WORK ORDER :: Every line below between the line holding "by (subst sum_Pow_insert)" and the line holding "theory Defs", inclusive, should be repeated exactly, and all other lines omitted.

*** DATA SHOWN ***

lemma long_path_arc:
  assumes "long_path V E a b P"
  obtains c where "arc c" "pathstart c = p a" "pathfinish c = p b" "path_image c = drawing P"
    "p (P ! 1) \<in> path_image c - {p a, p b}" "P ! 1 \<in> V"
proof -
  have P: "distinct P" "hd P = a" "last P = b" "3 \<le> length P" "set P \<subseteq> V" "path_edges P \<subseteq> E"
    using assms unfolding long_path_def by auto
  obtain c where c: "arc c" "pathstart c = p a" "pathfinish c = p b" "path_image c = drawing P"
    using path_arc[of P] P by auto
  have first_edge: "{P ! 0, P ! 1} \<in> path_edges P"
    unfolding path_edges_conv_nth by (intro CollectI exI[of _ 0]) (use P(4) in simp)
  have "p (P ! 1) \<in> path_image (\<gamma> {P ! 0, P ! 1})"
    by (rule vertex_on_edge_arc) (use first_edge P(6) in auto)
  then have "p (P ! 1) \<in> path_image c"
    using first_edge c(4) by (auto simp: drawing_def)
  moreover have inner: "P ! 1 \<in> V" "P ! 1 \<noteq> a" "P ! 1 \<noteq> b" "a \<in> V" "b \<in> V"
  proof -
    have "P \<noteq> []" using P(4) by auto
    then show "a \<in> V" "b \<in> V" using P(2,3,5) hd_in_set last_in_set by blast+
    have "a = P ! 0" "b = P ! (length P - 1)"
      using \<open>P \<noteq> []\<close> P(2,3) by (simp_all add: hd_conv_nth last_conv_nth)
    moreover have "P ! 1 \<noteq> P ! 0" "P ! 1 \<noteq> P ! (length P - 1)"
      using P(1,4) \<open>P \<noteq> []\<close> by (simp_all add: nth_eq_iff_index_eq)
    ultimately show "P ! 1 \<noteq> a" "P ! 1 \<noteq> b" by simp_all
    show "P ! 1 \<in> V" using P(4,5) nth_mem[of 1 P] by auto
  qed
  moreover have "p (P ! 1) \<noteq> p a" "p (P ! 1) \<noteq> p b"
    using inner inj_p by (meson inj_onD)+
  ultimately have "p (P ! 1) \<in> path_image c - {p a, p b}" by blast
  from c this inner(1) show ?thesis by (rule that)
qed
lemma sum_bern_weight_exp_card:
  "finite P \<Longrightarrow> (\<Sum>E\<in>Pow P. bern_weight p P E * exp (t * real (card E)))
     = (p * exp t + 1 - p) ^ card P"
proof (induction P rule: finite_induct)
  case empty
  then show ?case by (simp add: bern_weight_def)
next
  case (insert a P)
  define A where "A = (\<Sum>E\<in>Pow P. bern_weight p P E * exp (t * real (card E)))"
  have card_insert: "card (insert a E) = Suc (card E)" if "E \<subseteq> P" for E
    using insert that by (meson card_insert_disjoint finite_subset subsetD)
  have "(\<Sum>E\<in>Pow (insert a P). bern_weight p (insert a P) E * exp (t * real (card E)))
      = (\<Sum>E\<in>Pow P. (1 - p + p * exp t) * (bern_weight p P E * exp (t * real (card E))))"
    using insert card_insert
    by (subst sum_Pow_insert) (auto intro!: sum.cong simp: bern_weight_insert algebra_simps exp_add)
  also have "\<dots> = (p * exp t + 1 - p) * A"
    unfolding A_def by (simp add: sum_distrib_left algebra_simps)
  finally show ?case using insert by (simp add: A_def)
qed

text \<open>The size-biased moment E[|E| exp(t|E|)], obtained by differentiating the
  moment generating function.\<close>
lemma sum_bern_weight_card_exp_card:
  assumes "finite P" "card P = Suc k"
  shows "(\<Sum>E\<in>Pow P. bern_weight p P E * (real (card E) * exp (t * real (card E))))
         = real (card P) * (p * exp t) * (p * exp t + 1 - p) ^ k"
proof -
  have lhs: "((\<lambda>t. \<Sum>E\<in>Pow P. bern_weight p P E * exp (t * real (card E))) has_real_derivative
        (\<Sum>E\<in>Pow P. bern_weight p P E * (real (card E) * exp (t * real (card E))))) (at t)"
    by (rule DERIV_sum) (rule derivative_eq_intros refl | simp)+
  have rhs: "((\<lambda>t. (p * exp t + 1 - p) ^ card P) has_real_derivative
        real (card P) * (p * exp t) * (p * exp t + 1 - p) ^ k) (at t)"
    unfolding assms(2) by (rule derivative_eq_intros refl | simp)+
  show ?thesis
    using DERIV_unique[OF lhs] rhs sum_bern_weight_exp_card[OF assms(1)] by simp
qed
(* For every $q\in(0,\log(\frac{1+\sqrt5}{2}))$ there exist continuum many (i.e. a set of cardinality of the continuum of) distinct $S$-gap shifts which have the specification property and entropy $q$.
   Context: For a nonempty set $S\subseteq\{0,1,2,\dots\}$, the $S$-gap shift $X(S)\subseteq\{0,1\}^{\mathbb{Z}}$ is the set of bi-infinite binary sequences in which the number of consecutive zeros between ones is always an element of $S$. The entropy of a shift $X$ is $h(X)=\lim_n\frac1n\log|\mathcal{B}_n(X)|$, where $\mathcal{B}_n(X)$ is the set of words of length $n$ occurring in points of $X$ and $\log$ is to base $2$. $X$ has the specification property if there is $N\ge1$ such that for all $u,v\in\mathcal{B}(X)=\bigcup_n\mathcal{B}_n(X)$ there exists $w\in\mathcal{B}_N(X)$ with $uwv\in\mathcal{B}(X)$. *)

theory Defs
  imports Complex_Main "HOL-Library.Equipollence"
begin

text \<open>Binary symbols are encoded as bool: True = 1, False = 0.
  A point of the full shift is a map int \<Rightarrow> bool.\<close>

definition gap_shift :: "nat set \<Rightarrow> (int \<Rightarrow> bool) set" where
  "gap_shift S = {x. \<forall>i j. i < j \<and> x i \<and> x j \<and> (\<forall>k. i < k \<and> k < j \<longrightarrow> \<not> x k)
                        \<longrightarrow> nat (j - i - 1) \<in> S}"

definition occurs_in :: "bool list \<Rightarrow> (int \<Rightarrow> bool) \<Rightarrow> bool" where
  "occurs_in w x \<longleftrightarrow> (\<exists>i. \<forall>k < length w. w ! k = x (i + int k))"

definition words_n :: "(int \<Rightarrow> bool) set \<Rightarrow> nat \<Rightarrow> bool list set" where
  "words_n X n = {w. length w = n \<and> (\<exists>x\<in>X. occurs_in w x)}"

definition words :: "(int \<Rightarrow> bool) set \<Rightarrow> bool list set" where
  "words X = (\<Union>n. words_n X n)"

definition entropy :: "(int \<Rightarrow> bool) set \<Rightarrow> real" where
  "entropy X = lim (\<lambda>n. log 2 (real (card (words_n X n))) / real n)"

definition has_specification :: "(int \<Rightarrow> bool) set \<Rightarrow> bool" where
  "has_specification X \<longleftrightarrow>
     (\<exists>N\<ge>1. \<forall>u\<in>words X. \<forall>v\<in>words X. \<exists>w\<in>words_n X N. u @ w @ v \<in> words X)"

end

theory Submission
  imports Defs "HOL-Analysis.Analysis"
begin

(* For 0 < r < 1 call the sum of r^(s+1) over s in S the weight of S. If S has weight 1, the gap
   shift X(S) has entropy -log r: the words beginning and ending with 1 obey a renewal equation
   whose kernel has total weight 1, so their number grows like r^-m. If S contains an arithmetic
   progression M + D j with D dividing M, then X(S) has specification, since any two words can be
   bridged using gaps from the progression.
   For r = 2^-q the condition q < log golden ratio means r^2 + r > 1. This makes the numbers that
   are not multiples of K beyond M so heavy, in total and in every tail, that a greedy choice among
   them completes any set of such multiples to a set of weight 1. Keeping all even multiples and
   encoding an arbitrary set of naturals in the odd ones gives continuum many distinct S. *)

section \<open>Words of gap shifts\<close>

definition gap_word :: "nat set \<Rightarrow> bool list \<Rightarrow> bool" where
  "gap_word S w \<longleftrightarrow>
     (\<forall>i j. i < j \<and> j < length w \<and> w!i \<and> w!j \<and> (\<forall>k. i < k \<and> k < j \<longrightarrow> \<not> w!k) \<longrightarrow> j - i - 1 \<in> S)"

***

REPLY ::
    by (subst sum_Pow_insert) (auto intro!: sum.cong simp: bern_weight_insert algebra_simps exp_add)
  also have "\<dots> = (p * exp t + 1 - p) * A"
    unfolding A_def by (simp add: sum_distrib_left algebra_simps)
  finally show ?case using insert by (simp add: A_def)
qed

text \<open>The size-biased moment E[|E| exp(t|E|)], obtained by differentiating the
  moment generating function.\<close>
lemma sum_bern_weight_card_exp_card:
  assumes "finite P" "card P = Suc k"
  shows "(\<Sum>E\<in>Pow P. bern_weight p P E * (real (card E) * exp (t * real (card E))))
         = real (card P) * (p * exp t) * (p * exp t + 1 - p) ^ k"
proof -
  have lhs: "((\<lambda>t. \<Sum>E\<in>Pow P. bern_weight p P E * exp (t * real (card E))) has_real_derivative
        (\<Sum>E\<in>Pow P. bern_weight p P E * (real (card E) * exp (t * real (card E))))) (at t)"
    by (rule DERIV_sum) (rule derivative_eq_intros refl | simp)+
  have rhs: "((\<lambda>t. (p * exp t + 1 - p) ^ card P) has_real_derivative
        real (card P) * (p * exp t) * (p * exp t + 1 - p) ^ k) (at t)"
    unfolding assms(2) by (rule derivative_eq_intros refl | simp)+
  show ?thesis
    using DERIV_unique[OF lhs] rhs sum_bern_weight_exp_card[OF assms(1)] by simp
qed
(* For every $q\in(0,\log(\frac{1+\sqrt5}{2}))$ there exist continuum many (i.e. a set of cardinality of the continuum of) distinct $S$-gap shifts which have the specification property and entropy $q$.
   Context: For a nonempty set $S\subseteq\{0,1,2,\dots\}$, the $S$-gap shift $X(S)\subseteq\{0,1\}^{\mathbb{Z}}$ is the set of bi-infinite binary sequences in which the number of consecutive zeros between ones is always an element of $S$. The entropy of a shift $X$ is $h(X)=\lim_n\frac1n\log|\mathcal{B}_n(X)|$, where $\mathcal{B}_n(X)$ is the set of words of length $n$ occurring in points of $X$ and $\log$ is to base $2$. $X$ has the specification property if there is $N\ge1$ such that for all $u,v\in\mathcal{B}(X)=\bigcup_n\mathcal{B}_n(X)$ there exists $w\in\mathcal{B}_N(X)$ with $uwv\in\mathcal{B}(X)$. *)

theory Defs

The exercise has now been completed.